▶ [Problem statement]
The answer must consist solely of the lines from the one containing "counts $n$, $n_0$) fixed. *)" to the end of the entries below, repeated exactly.

(Saved entries)
****************

lemma inv_word_simps [simp]:
  "inv_word p [] = []" "inv_word p (x # xs) = inv_word p xs @ [inv_syllable p x]"
  "inv_word p (xs @ ys) = inv_word p ys @ inv_word p xs"
  by (simp_all add: inv_word_def)

lemma inv_word_eq_Nil_iff [simp]: "inv_word p xs = [] \<longleftrightarrow> xs = []"
  by (simp add: inv_word_def)

lemma inv_word_reduced: "cp_reduced p xs \<Longrightarrow> cp_reduced p (inv_word p xs)"
  unfolding reduced_iff inv_word_def successively_rev successively_map
  by (auto simp: inv_syllable_def syllable_def elim: successively_mono)

lemma inv_word_inv_word: "cp_reduced p xs \<Longrightarrow> inv_word p (inv_word p xs) = xs"
  unfolding inv_word_def rev_map[symmetric] rev_rev_ident map_map reduced_iff
  by (rule map_idI) (auto simp: inv_syllable_def syllable_def)

lemma mult_inv_word: "cp_reduced p w \<Longrightarrow> cp_mult p w (inv_word p w) = []"
proof (induction w rule: rev_induct)
  case Nil
  then show ?case by (simp add: cp_mult_def)
next
  case (snoc t w)
  then have w: "cp_reduced p w" and t: "syllable p t" by (auto simp: reduced_append)
  then have "cp_push p (w @ [t]) (inv_syllable p t) = w"
    by (simp add: push_snoc inv_syllable_def syllable_def Let_def)
  then show ?case using snoc.IH[OF w] by (simp add: cp_mult_def)
qed
(* Let $G$ be a finitely generated group, $p$ a prime, $x\in G$, and $k\ge 0$ an integer. Then $RG_p\big(G/\langle\langle x^{p^k}\rangle\rangle\big)\ge RG_p(G)-\frac{1}{p^k}$.
   Context: $\langle\langle y\rangle\rangle$ denotes the normal closure of $y$ in $G$. For a group $A$, $d(A)$ is the minimal number of generators and $d_p(A)=d\big(A/[A,A]A^p\big)$. For a finitely generated group $G$, $RG_p(G)=\inf_H\frac{d_p(H)-1}{[G:H]}$, the infimum over normal subgroups $H\trianglelefteq G$ of $p$-power index. *)

theory Defs
  imports "HOL-Algebra.Algebra" "HOL-Computational_Algebra.Primes" Complex_Main
begin

definition fin_gen :: "('a, 'b) monoid_scheme \<Rightarrow> bool" where
  "fin_gen G \<longleftrightarrow> (\<exists>S. finite S \<and> S \<subseteq> carrier G \<and> generate G S = carrier G)"

definition min_gens :: "('a, 'b) monoid_scheme \<Rightarrow> nat" where
  "min_gens A = (LEAST n. \<exists>S. finite S \<and> S \<subseteq> carrier A \<and> card S = n \<and> generate A S = carrier A)"

definition comm_pow_subgroup :: "('a, 'b) monoid_scheme \<Rightarrow> nat \<Rightarrow> 'a set" where
  "comm_pow_subgroup A p =
     generate A (derived_set A (carrier A) \<union> {a [^]\<^bsub>A\<^esub> p | a. a \<in> carrier A})"

definition d_p :: "('a, 'b) monoid_scheme \<Rightarrow> nat \<Rightarrow> nat" where
  "d_p A p = min_gens (A Mod comm_pow_subgroup A p)"

definition normal_closure :: "('a, 'b) monoid_scheme \<Rightarrow> 'a set \<Rightarrow> 'a set" where
  "normal_closure G S =
     generate G {g \<otimes>\<^bsub>G\<^esub> y \<otimes>\<^bsub>G\<^esub> inv\<^bsub>G\<^esub> g | g y. g \<in> carrier G \<and> y \<in> S}"

definition p_power_index :: "('a, 'b) monoid_scheme \<Rightarrow> nat \<Rightarrow> 'a set \<Rightarrow> bool" where
  "p_power_index G p H \<longleftrightarrow> finite (rcosets\<^bsub>G\<^esub> H) \<and> (\<exists>n. card (rcosets\<^bsub>G\<^esub> H) = p ^ n)"

definition RG_p :: "('a, 'b) monoid_scheme \<Rightarrow> nat \<Rightarrow> real" where
  "RG_p G p = Inf {(real (d_p (G\<lparr>carrier := H\<rparr>) p) - 1) / real (card (rcosets\<^bsub>G\<^esub> H)) | H.
                    H \<lhd> G \<and> p_power_index G p H}"

end

theory Submission
  imports Defs
begin

text \<open>
  Let \<open>N\<close> be the normal closure of \<open>y = x^(p^k)\<close> and \<open>K\<close> a normal subgroup of
  \<open>p\<close>-power index in \<open>G/N\<close>. Its preimage \<open>L\<close> in \<open>G\<close> has the same index and maps onto \<open>K\<close>
  with kernel \<open>N\<close>, so \<open>d_p(L) \<le> d_p(K) + t\<close> as soon as \<open>N\<close> is generated modulo
  \<open>[L,L]L^p\<close> by \<open>t\<close> elements of \<open>L\<close>. If the image of \<open>x\<close> in \<open>G/L\<close> has order \<open>p^k\<close>, conjugates of \<open>y\<close> by elements of
  one coset of \<open>\<langle>xL\<rangle>\<close> in \<open>G/L\<close> agree modulo \<open>[L,L]\<close>, so \<open>t = [G:L]/p^k\<close> suffices;
  otherwise some \<open>x^(p^i)\<close> with \<open>i < k\<close> lies in \<open>L\<close>, every conjugate of \<open>y\<close> is a \<open>p\<close>-th
  power in \<open>L\<close>, and \<open>t = 0\<close>. Dividing by \<open>[G:L]\<close> gives the bound for each \<open>K\<close>.
\<close>

lemma min_gens_le_card:
  assumes "finite S" "S \<subseteq> carrier A" "generate A S = carrier A"
  shows "min_gens A \<le> card S"
  unfolding min_gens_def by (rule Least_le) (use assms in blast)

lemma fin_gen_obtains_min_generators:
  assumes "fin_gen A"
  obtains S where "finite S" "S \<subseteq> carrier A" "card S = min_gens A" "generate A S = carrier A"
proof -
  from assms obtain S where "finite S" "S \<subseteq> carrier A" "generate A S = carrier A"
    unfolding fin_gen_def by blast
  then have "\<exists>n S. finite S \<and> S \<subseteq> carrier A \<and> card S = n \<and> generate A S = carrier A"
    by blast
  then have "\<exists>S. finite S \<and> S \<subseteq> carrier A \<and> card S = min_gens A \<and> generate A S = carrier A"
    unfolding min_gens_def by (rule LeastI_ex)
  with that show thesis by blast
qed
(* Let $\mu \in \mathbb{R}$ and $\sigma > 0$. Let $\mathcal{V}$ be a finite set of nodes partitioned into two non-empty disjoint classes $\mathcal{C}_0, \mathcal{C}_1$ with $\mathcal{C}_0 \cup \mathcal{C}_1 = \mathcal{V}$ and $|\mathcal{C}_0| = |\mathcal{C}_1|$. Each node $v_i$ has a scalar feature $x_i$, the features being independent with $x_i \sim \mathcal{N}(\mu, \sigma^2)$ if $v_i \in \mathcal{C}_0$ and $x_i \sim \mathcal{N}(-\mu, \sigma^2)$ if $v_i \in \mathcal{C}_1$. Let $n \geq 1$ and $0 \le n_0 \le n$ be integers, and suppose every node $v_i$ has a set of neighbors $N(v_i) \subseteq \mathcal{V}\setminus\{v_i\}$ with $|N(v_i)| = n$, of which exactly $n_0$ belong to the same class as $v_i$ and $n_1 = n - n_0$ belong to the other class. For $w \in [0,1]$ define the embedding $$z_i = (1-w)x_i + \frac{w}{n}\sum_{v_j \in N(v_i)} x_j .$$ Define $\texttt{CS}(z;n,n_0,w)$ as the probability that the Bayes-optimal classifier (with equal class priors $1/2$) that predicts the class of $v_i$ from $z_i$ predicts it correctly, i.e., one minus the Bayes error rate. Define $\texttt{LCS}(z;n,n_0,w)$ as $$\frac{\big(\mathbb{E}[z_i \mid v_i \in \mathcal{C}_0] - \mathbb{E}[z_i \mid v_i \in \mathcal{C}_1]\big)^2}{\tfrac{1}{2}\Big(\mathbb{E}\big[(z_i - \mathbb{E}[z_i\mid v_i\in\mathcal{C}_0])^2 \mid v_i \in \mathcal{C}_0\big] + \mathbb{E}\big[(z_i - \mathbb{E}[z_i\mid v_i\in\mathcal{C}_1])^2 \mid v_i \in \mathcal{C}_1\big]\Big)},$$ where expectations are over the random features. Let $w, w' \in [0,1]$. If $n_0 = n$, or if $w, w' \in \left[\max\!\left(\frac{n-2n_0}{2n-2n_0}, 0\right), 1\right]$, then $$\texttt{CS}(z;n,n_0,w) > \texttt{CS}(z;n,n_0,w') \iff \texttt{LCS}(z;n,n_0,w) > \texttt{LCS}(z;n,n_0,w').$$
   Context: $\texttt{CS}$ ("class separability") and $\texttt{LCS}$ ("latent-class separability", an extension of the Calinski–Harabasz index) are as defined in the claim; $w$ is the degree of graph convolution usage. The expectations and the Bayes classifier are taken with respect to the random node features, with the graph structure (neighbor counts $n$, $n_0$) fixed. *)

theory Defs
  imports "HOL-Probability.Probability"
begin

definition embed :: "('v \<Rightarrow> 'a \<Rightarrow> real) \<Rightarrow> ('v \<Rightarrow> 'v set) \<Rightarrow> nat \<Rightarrow> real \<Rightarrow> 'v \<Rightarrow> 'a \<Rightarrow> real" where
  "embed X N n w i \<omega> = (1 - w) * X i \<omega> + (w / real n) * (\<Sum>j\<in>N i. X j \<omega>)"

definition cond_prob :: "'a measure \<Rightarrow> ('v \<Rightarrow> 'a \<Rightarrow> real) \<Rightarrow> 'v set \<Rightarrow> real set \<Rightarrow> real" where
  "cond_prob M Z C A = (1 / real (card C)) * (\<Sum>i\<in>C. measure M {\<omega> \<in> space M. Z i \<omega> \<in> A})"

definition cond_exp :: "'a measure \<Rightarrow> ('v \<Rightarrow> 'a \<Rightarrow> real) \<Rightarrow> 'v set \<Rightarrow> (real \<Rightarrow> real) \<Rightarrow> real" where
  "cond_exp M Z C g = (1 / real (card C)) * (\<Sum>i\<in>C. integral\<^sup>L M (\<lambda>\<omega>. g (Z i \<omega>)))"

text \<open>CS: accuracy of the Bayes-optimal classifier with equal priors 1/2, i.e. the supremum
  over all (Borel) decision rules "predict C0 iff z in A" of the probability of a correct
  prediction (= one minus the Bayes error rate).\<close>
definition CS :: "'a measure \<Rightarrow> ('v \<Rightarrow> 'a \<Rightarrow> real) \<Rightarrow> ('v \<Rightarrow> 'v set) \<Rightarrow> 'v set \<Rightarrow> 'v set \<Rightarrow> nat \<Rightarrow> real \<Rightarrow> real" where
  "CS M X N C0 C1 n w =
     (SUP A \<in> sets borel. (1/2) * cond_prob M (embed X N n w) C0 A
                        + (1/2) * (1 - cond_prob M (embed X N n w) C1 A))"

****************

▶ [Answer for the task]
   Context: $\texttt{CS}$ ("class separability") and $\texttt{LCS}$ ("latent-class separability", an extension of the Calinski–Harabasz index) are as defined in the claim; $w$ is the degree of graph convolution usage. The expectations and the Bayes classifier are taken with respect to the random node features, with the graph structure (neighbor counts $n$, $n_0$) fixed. *)

theory Defs
  imports "HOL-Probability.Probability"
begin

definition embed :: "('v \<Rightarrow> 'a \<Rightarrow> real) \<Rightarrow> ('v \<Rightarrow> 'v set) \<Rightarrow> nat \<Rightarrow> real \<Rightarrow> 'v \<Rightarrow> 'a \<Rightarrow> real" where
  "embed X N n w i \<omega> = (1 - w) * X i \<omega> + (w / real n) * (\<Sum>j\<in>N i. X j \<omega>)"

definition cond_prob :: "'a measure \<Rightarrow> ('v \<Rightarrow> 'a \<Rightarrow> real) \<Rightarrow> 'v set \<Rightarrow> real set \<Rightarrow> real" where
  "cond_prob M Z C A = (1 / real (card C)) * (\<Sum>i\<in>C. measure M {\<omega> \<in> space M. Z i \<omega> \<in> A})"

definition cond_exp :: "'a measure \<Rightarrow> ('v \<Rightarrow> 'a \<Rightarrow> real) \<Rightarrow> 'v set \<Rightarrow> (real \<Rightarrow> real) \<Rightarrow> real" where
  "cond_exp M Z C g = (1 / real (card C)) * (\<Sum>i\<in>C. integral\<^sup>L M (\<lambda>\<omega>. g (Z i \<omega>)))"

text \<open>CS: accuracy of the Bayes-optimal classifier with equal priors 1/2, i.e. the supremum
  over all (Borel) decision rules "predict C0 iff z in A" of the probability of a correct
  prediction (= one minus the Bayes error rate).\<close>
definition CS :: "'a measure \<Rightarrow> ('v \<Rightarrow> 'a \<Rightarrow> real) \<Rightarrow> ('v \<Rightarrow> 'v set) \<Rightarrow> 'v set \<Rightarrow> 'v set \<Rightarrow> nat \<Rightarrow> real \<Rightarrow> real" where
  "CS M X N C0 C1 n w =
     (SUP A \<in> sets borel. (1/2) * cond_prob M (embed X N n w) C0 A
                        + (1/2) * (1 - cond_prob M (embed X N n w) C1 A))"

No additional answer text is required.